** Opening EXTRACTED RECORDS block **

(* Let $A$ be a nonempty set and let $G\subseteq A^A$ be a group under composition of maps, with identity element $e$. Define the equivalence relation $\sim$ on $A$ by $a\sim b$ iff $e(a)=e(b)$, write $[a]$ for the class of $a$, and for $f\in G$ let $\hat f:A/\sim\,\to A/\sim$ be given by $\hat f([x])=[f(x)]$. Set $\hat G=\{\hat f\mid f\in G\}$. Then $\hat G$ is a permutation group on $A/\sim$, and the map $\rho:G\to\hat G$, $f\mapsto\hat f$, is a group isomorphism.
   Context: $A^A$ denotes the set of all maps $A\to A$. A permutation group on a set $X$ is a group of bijections $X\to X$ under composition. The identity element $e$ of $G$ need not be the identity map of $A$. *)

theory Defs
  imports "HOL-Algebra.Algebra" "HOL-Library.FuncSet"
begin

definition comp_monoid :: "'a set \<Rightarrow> ('a \<Rightarrow> 'a) set \<Rightarrow> ('a \<Rightarrow> 'a) \<Rightarrow> ('a \<Rightarrow> 'a) monoid"
  where "comp_monoid A G e = \<lparr>carrier = G, monoid.mult = (\<lambda>f g. compose A f g), one = e\<rparr>"

definition eq_rel :: "'a set \<Rightarrow> ('a \<Rightarrow> 'a) \<Rightarrow> ('a \<times> 'a) set"
  where "eq_rel A e = {(a, b). a \<in> A \<and> b \<in> A \<and> e a = e b}"

definition hat :: "'a set \<Rightarrow> ('a \<Rightarrow> 'a) \<Rightarrow> ('a \<Rightarrow> 'a) \<Rightarrow> 'a set \<Rightarrow> 'a set"
  where "hat A e f = restrict (\<lambda>Cl. Image (eq_rel A e) {f (SOME x. x \<in> Cl)}) (A // eq_rel A e)"

end

theory Submission
  imports Defs
begin

(* The neutral element e of G satisfies e o f = f o e = f on A for every f in G.  From f o e = f,
   each f is constant on the classes of ~, so hat f is well defined and f |-> hat f is a monoid
   homomorphism into the self-maps of A/~, sending G into the bijections.  From e o f = f, the value
   f x is determined by its class [f x] (it equals e (f x)), so f is recovered from hat f. *)

lemma hom_imp_iso_image:
  assumes "h \<in> hom G H" and "inj_on h (carrier G)"
  shows "h \<in> iso G (H\<lparr>carrier := h ` carrier G\<rparr>)"
  using assms by (auto simp: iso_def hom_def bij_betw_def)

lemma equiv_eq_rel: "equiv A (eq_rel A e)"
  by (auto simp: equiv_def refl_on_def sym_def trans_def eq_rel_def)

lemma eq_rel_class_eq_iff:
  assumes "a \<in> A" and "b \<in> A"
  shows "eq_rel A e `` {a} = eq_rel A e `` {b} \<longleftrightarrow> e a = e b"
proof -
  have "(a, b) \<in> eq_rel A e \<longleftrightarrow> e a = e b" using assms by (simp add: eq_rel_def)
  then show ?thesis using eq_equiv_class_iff[OF equiv_eq_rel assms] by simp
qed

locale map_monoid =
  fixes A :: "'a set" and G :: "('a \<Rightarrow> 'a) set" and e :: "'a \<Rightarrow> 'a"
  assumes maps: "G \<subseteq> A \<rightarrow>\<^sub>E A"
    and monoid: "monoid (comp_monoid A G e)"
begin

abbreviation "R \<equiv> eq_rel A e"
abbreviation "S \<equiv> A // R"

lemma carrier_comp_monoid [simp]: "carrier (comp_monoid A G e) = G"
  by (simp add: comp_monoid_def)

lemma one_closed: "e \<in> G"
  using monoid.one_closed[OF monoid] by (simp add: comp_monoid_def)

lemma compose_closed: "f \<in> G \<Longrightarrow> g \<in> G \<Longrightarrow> compose A f g \<in> G"
  using monoid.m_closed[OF monoid] by (simp add: comp_monoid_def)

lemma map_closed: "f \<in> G \<Longrightarrow> x \<in> A \<Longrightarrow> f x \<in> A"
  using maps by blast

lemma one_apply: "f \<in> G \<Longrightarrow> x \<in> A \<Longrightarrow> e (f x) = f x"
  using monoid.l_one[OF monoid, of f] by (simp add: comp_monoid_def) (metis compose_eq)

lemma apply_one: "f \<in> G \<Longrightarrow> x \<in> A \<Longrightarrow> f (e x) = f x"
  using monoid.r_one[OF monoid, of f] by (simp add: comp_monoid_def) (metis compose_eq)

lemma hat_class:
  assumes f: "f \<in> G" and a: "a \<in> A"
  shows "hat A e f (R `` {a}) = R `` {f a}"
proof -
  define x where "x = (SOME x. x \<in> R `` {a})"
  have "a \<in> R `` {a}" using a by (simp add: eq_rel_def)
  then have "x \<in> R `` {a}" unfolding x_def by (rule someI)
  then have "x \<in> A" and "e x = e a" by (auto simp: eq_rel_def)
  then have "f x = f a" using apply_one[OF f] a by metis
  moreover have "hat A e f (R `` {a}) = R `` {f x}"
    unfolding hat_def x_def using quotientI[of a A R] a by simp
  ultimately show ?thesis by simp
qed

lemma hat_funcset:
  assumes f: "f \<in> G"
  shows "hat A e f \<in> S \<rightarrow>\<^sub>E S"
proof (rule PiE_I)
  fix C assume "C \<in> S"
  then obtain a where "a \<in> A" and "C = R `` {a}" by (rule quotientE)
  then show "hat A e f C \<in> S" using f by (simp add: hat_class map_closed quotientI)
next
  fix C assume "C \<notin> S"
  then show "hat A e f C = undefined" by (simp add: hat_def)
qed

lemma hat_compose:
  assumes f: "f \<in> G" and g: "g \<in> G"
  shows "hat A e (compose A f g) = compose S (hat A e f) (hat A e g)"
proof (rule extensionalityI)
  show "hat A e (compose A f g) \<in> extensional S" by (simp add: hat_def)
  show "compose S (hat A e f) (hat A e g) \<in> extensional S" by (simp add: compose_def)
  fix C assume "C \<in> S"
  then obtain a where a: "a \<in> A" and C: "C = R `` {a}" by (rule quotientE)
  show "hat A e (compose A f g) C = compose S (hat A e f) (hat A e g) C"
    using a f g compose_closed[OF f g]
    by (simp add: C hat_class map_closed quotientI compose_def)
qed

lemma hat_one: "hat A e e = (\<lambda>C\<in>S. C)"
proof (rule extensionalityI)
  show "hat A e e \<in> extensional S" by (simp add: hat_def)
  show "(\<lambda>C\<in>S. C) \<in> extensional S" by simp
  fix C assume "C \<in> S"
  then obtain a where a: "a \<in> A" and C: "C = R `` {a}" by (rule quotientE)
  have "R `` {e a} = R `` {a}"
    using a one_closed one_apply map_closed by (simp add: eq_rel_class_eq_iff)
  then show "hat A e e C = (\<lambda>C\<in>S. C) C"
    using a one_closed by (simp add: C hat_class quotientI)
qed

lemma inj_on_hat: "inj_on (hat A e) G"
proof (rule inj_onI)
  fix f g assume f: "f \<in> G" and g: "g \<in> G" and eq: "hat A e f = hat A e g"
  show "f = g"
  proof (rule extensionalityI)
    show "f \<in> extensional A" "g \<in> extensional A" using f g maps by (auto simp: PiE_def)
    fix x assume x: "x \<in> A"
    have "R `` {f x} = R `` {g x}"
      using eq hat_class[OF f x] hat_class[OF g x] by simp
    then have "e (f x) = e (g x)"
      using x f g by (simp add: eq_rel_class_eq_iff map_closed)
    then show "f x = g x" using x f g by (simp add: one_apply)
  qed
qed

lemma hat_Bij:
  assumes "f \<in> Units (comp_monoid A G e)"
  shows "hat A e f \<in> Bij S"
proof -
  obtain g where g: "g \<in> G" and f: "f \<in> G"
    and gf: "compose A g f = e" and fg: "compose A f g = e"
    using assms by (auto simp: Units_def comp_monoid_def)
  have "compose S (hat A e g) (hat A e f) = (\<lambda>C\<in>S. C)"
    and "compose S (hat A e f) (hat A e g) = (\<lambda>C\<in>S. C)"
    using hat_compose[OF g f] hat_compose[OF f g] by (simp_all add: gf fg hat_one)
  then have "hat A e g (hat A e f C) = C" and "hat A e f (hat A e g C) = C" if "C \<in> S" for C
    using that by (metis compose_eq restrict_apply')+
  then have "bij_betw (hat A e f) S S"
    using PiE_mem[OF hat_funcset[OF f]] PiE_mem[OF hat_funcset[OF g]]
    by (intro bij_betwI[where g = "hat A e g"] funcsetI) simp_all
  then show ?thesis using hat_funcset[OF f] by (simp add: Bij_def PiE_iff)
qed

end

locale map_group = map_monoid +
  assumes group: "group (comp_monoid A G e)"
begin

lemma hat_hom: "hat A e \<in> hom (comp_monoid A G e) (BijGroup S)"
proof (rule homI)
  fix f assume "f \<in> carrier (comp_monoid A G e)"
  then show "hat A e f \<in> carrier (BijGroup S)"
    using hat_Bij group.Units_eq[OF group] by (simp add: BijGroup_def)
next
  fix f g assume "f \<in> carrier (comp_monoid A G e)" "g \<in> carrier (comp_monoid A G e)"
  then show "hat A e (f \<otimes>\<^bsub>comp_monoid A G e\<^esub> g) = hat A e f \<otimes>\<^bsub>BijGroup S\<^esub> hat A e g"
    using hat_Bij group.Units_eq[OF group]
    by (simp add: comp_monoid_def BijGroup_def hat_compose)
qed

lemma subgroup_hat_image: "subgroup (hat A e ` G) (BijGroup S)"
  using group_hom.img_is_subgroup[of "comp_monoid A G e" "BijGroup S" "hat A e"]
  by (simp add: group_hom_def group_hom_axioms_def group group_BijGroup hat_hom)

lemma hat_iso: "hat A e \<in> iso (comp_monoid A G e) ((BijGroup S)\<lparr>carrier := hat A e ` G\<rparr>)"
  using hom_imp_iso_image[OF hat_hom] inj_on_hat by simp

end

theorem theorem2p8:
  fixes A :: "'a set" and G :: "('a \<Rightarrow> 'a) set" and e :: "'a \<Rightarrow> 'a"
  assumes "A \<noteq> {}"
    and "G \<subseteq> A \<rightarrow>\<^sub>E A"
    and "group (comp_monoid A G e)"
  shows "subgroup (hat A e ` G) (BijGroup (A // eq_rel A e))
       \<and> hat A e \<in> iso (comp_monoid A G e)
           ((BijGroup (A // eq_rel A e))\<lparr>carrier := hat A e ` G\<rparr>)"
proof -
  interpret map_group A G e
    using assms(2,3) by (simp add: map_group_def map_monoid_def map_group_axioms_def group.is_monoid)
  show ?thesis using subgroup_hat_image hat_iso by blast
qed

end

** Closing EXTRACTED RECORDS block **

Filter the entries above down to the lines containing the word "lambda".

  where "comp_monoid A G e = \<lparr>carrier = G, monoid.mult = (\<lambda>f g. compose A f g), one = e\<rparr>"
  where "hat A e f = restrict (\<lambda>Cl. Image (eq_rel A e) {f (SOME x. x \<in> Cl)}) (A // eq_rel A e)"
lemma hat_one: "hat A e e = (\<lambda>C\<in>S. C)"
  show "(\<lambda>C\<in>S. C) \<in> extensional S" by simp
  then show "hat A e e C = (\<lambda>C\<in>S. C) C"
  have "compose S (hat A e g) (hat A e f) = (\<lambda>C\<in>S. C)"
    and "compose S (hat A e f) (hat A e g) = (\<lambda>C\<in>S. C)"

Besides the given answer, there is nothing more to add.